■ **WORK TO BE COMPLETED**:
Only the lines from the one containing "(\<forall>F1 F2. closedin" through the final line of the entries below are wanted, each copied exactly.

*** Opening RECORD EXTRACTS ***

(* Let $P$ be a bounded complete dcpo. If $\Sigma P\times\Sigma P$ is a Fréchet space, then $\Sigma P$ is sober.
   Context: A dcpo is a poset in which every directed subset has a supremum; it is bounded complete if every subset having an upper bound has a supremum. $\Sigma P$ denotes $P$ with the Scott topology (a set $U$ is Scott open iff $U$ is an upper set and for every directed $D$, $\bigvee D\in U$ implies $D\cap U\neq\emptyset$). A topological space is Fréchet if whenever $x$ lies in the closure of a set $A$, some sequence in $A$ converges to $x$. A $T_0$ space is sober if every irreducible closed set equals $\overline{\{x\}}$ for some point $x$. *)

theory Defs
  imports "HOL-Analysis.Analysis"
begin

text \<open>The poset P is the whole type 'a with its partial order.\<close>

definition is_sup :: "'a::order set \<Rightarrow> 'a \<Rightarrow> bool" where
  "is_sup A s \<longleftrightarrow> (\<forall>a\<in>A. a \<le> s) \<and> (\<forall>u. (\<forall>a\<in>A. a \<le> u) \<longrightarrow> s \<le> u)"

definition directed :: "'a::order set \<Rightarrow> bool" where
  "directed D \<longleftrightarrow> D \<noteq> {} \<and> (\<forall>x\<in>D. \<forall>y\<in>D. \<exists>z\<in>D. x \<le> z \<and> y \<le> z)"

definition dcpo :: "'a::order itself \<Rightarrow> bool" where
  "dcpo _ \<longleftrightarrow> (\<forall>D::'a set. directed D \<longrightarrow> (\<exists>s. is_sup D s))"

definition bounded_complete :: "'a::order itself \<Rightarrow> bool" where
  "bounded_complete _ \<longleftrightarrow> (\<forall>A::'a set. (\<exists>u. \<forall>a\<in>A. a \<le> u) \<longrightarrow> (\<exists>s. is_sup A s))"

definition scott_open :: "'a::order set \<Rightarrow> bool" where
  "scott_open U \<longleftrightarrow> (\<forall>x y. x \<in> U \<and> x \<le> y \<longrightarrow> y \<in> U) \<and>
     (\<forall>D s. directed D \<and> is_sup D s \<and> s \<in> U \<longrightarrow> D \<inter> U \<noteq> {})"

definition scott_topology :: "'a::order topology" where
  "scott_topology = topology scott_open"

definition frechet_space :: "'a topology \<Rightarrow> bool" where
  "frechet_space X \<longleftrightarrow> (\<forall>A x. A \<subseteq> topspace X \<and> x \<in> X closure_of A \<longrightarrow>
     (\<exists>\<sigma>::nat \<Rightarrow> 'a. (\<forall>n. \<sigma> n \<in> A) \<and> limitin X \<sigma> x sequentially))"

definition irreducible_in :: "'a topology \<Rightarrow> 'a set \<Rightarrow> bool" where
  "irreducible_in X C \<longleftrightarrow> C \<noteq> {} \<and> C \<subseteq> topspace X \<and>
     (\<forall>F1 F2. closedin X F1 \<and> closedin X F2 \<and> C \<subseteq> F1 \<union> F2 \<longrightarrow> C \<subseteq> F1 \<or> C \<subseteq> F2)"

definition sober_space :: "'a topology \<Rightarrow> bool" where
  "sober_space X \<longleftrightarrow> t0_space X \<and>
     (\<forall>C. closedin X C \<and> irreducible_in X C \<longrightarrow> (\<exists>x\<in>topspace X. C = X closure_of {x}))"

*** Closing RECORD EXTRACTS ***

■ **WRITTEN ANSWER**:
     (\<forall>F1 F2. closedin X F1 \<and> closedin X F2 \<and> C \<subseteq> F1 \<union> F2 \<longrightarrow> C \<subseteq> F1 \<or> C \<subseteq> F2)"

definition sober_space :: "'a topology \<Rightarrow> bool" where
  "sober_space X \<longleftrightarrow> t0_space X \<and>
     (\<forall>C. closedin X C \<and> irreducible_in X C \<longrightarrow> (\<exists>x\<in>topspace X. C = X closure_of {x}))"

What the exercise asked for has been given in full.